(Extracted records)
Start of Block

definition pretail_vertices :: "int^2^2 \<Rightarrow> nat \<Rightarrow> (int^2) set" where
  "pretail_vertices M n = {x \<in> points n. \<exists>j. (act M n ^^ j) x = 0 \<and>
      (\<forall>i\<le>j. periodic M n ((act M n ^^ i) x) \<longrightarrow> (act M n ^^ i) x = 0)}"

definition pretail_child :: "int^2^2 \<Rightarrow> nat \<Rightarrow> int^2 \<Rightarrow> int^2 \<Rightarrow> bool" where
  "pretail_child M n x y \<longleftrightarrow> x \<in> pretail_vertices M n \<and> x \<noteq> 0 \<and> y = act M n x"

definition pretail_trees_iso :: "int^2^2 \<Rightarrow> int^2^2 \<Rightarrow> nat \<Rightarrow> bool" where
  "pretail_trees_iso M M' n \<longleftrightarrow> (\<exists>f. bij_betw f (pretail_vertices M n) (pretail_vertices M' n)
      \<and> f 0 = 0
      \<and> (\<forall>x\<in>pretail_vertices M n. \<forall>y\<in>pretail_vertices M n.
            pretail_child M n x y \<longleftrightarrow> pretail_child M' n (f x) (f y)))"

end

theory Submission
  imports Defs "HOL-Number_Theory.Number_Theory"
begin

text \<open>A bijection of \<open>(\<int>/n\<int>)\<^sup>2\<close> that fixes \<open>0\<close> and conjugates the two actions is an
  isomorphism of pretail trees, so it suffices to conjugate \<open>M\<close> to \<open>M'\<close> modulo \<open>n\<close>.
  Write \<open>M = a I + h E\<close> with \<open>h = mgcd M\<close> and \<open>E = mat2 0 \<beta> \<gamma> \<epsilon>\<close> primitive.
  A primitive binary form takes a value prime to \<open>n\<close>, so \<open>E\<close> has a cyclic vector
  modulo \<open>n\<close> and \<open>M\<close> is conjugate to \<open>a I + h C\<close>, with \<open>C\<close> the companion matrix of \<open>E\<close>.
  This normal form has lower-left entry \<open>h\<close> and the trace and determinant of \<open>M\<close>.
  Equal discriminants \<open>h\<^sup>2 (\<epsilon>\<^sup>2 + 4\<beta>\<gamma>)\<close> force \<open>a' \<equiv> a (mod h)\<close>, and then a shear
  conjugates the two normal forms already over \<open>\<int>\<close>.\<close>

definition conjugate_actions ::
    "int^2^2 \<Rightarrow> int^2^2 \<Rightarrow> nat \<Rightarrow> (int^2 \<Rightarrow> int^2) \<Rightarrow> (int^2 \<Rightarrow> int^2) \<Rightarrow> bool" where
  "conjugate_actions M M' n f g \<longleftrightarrow>
     (\<forall>x. f (act M n x) = act M' n (f x)) \<and> (\<forall>x. g (act M' n x) = act M n (g x)) \<and>
     (\<forall>x\<in>points n. f x \<in> points n \<and> g x \<in> points n \<and> g (f x) = x \<and> f (g x) = x) \<and>
     f 0 = 0 \<and> g 0 = 0"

End of Block

• **WORK INSTRUCTIONS**
Go through the records line by line, and copy each line that holds the string "beta".

• **RESPONSE TO THE TASK**
  Write \<open>M = a I + h E\<close> with \<open>h = mgcd M\<close> and \<open>E = mat2 0 \<beta> \<gamma> \<epsilon>\<close> primitive.
  Equal discriminants \<open>h\<^sup>2 (\<epsilon>\<^sup>2 + 4\<beta>\<gamma>)\<close> force \<open>a' \<equiv> a (mod h)\<close>, and then a shear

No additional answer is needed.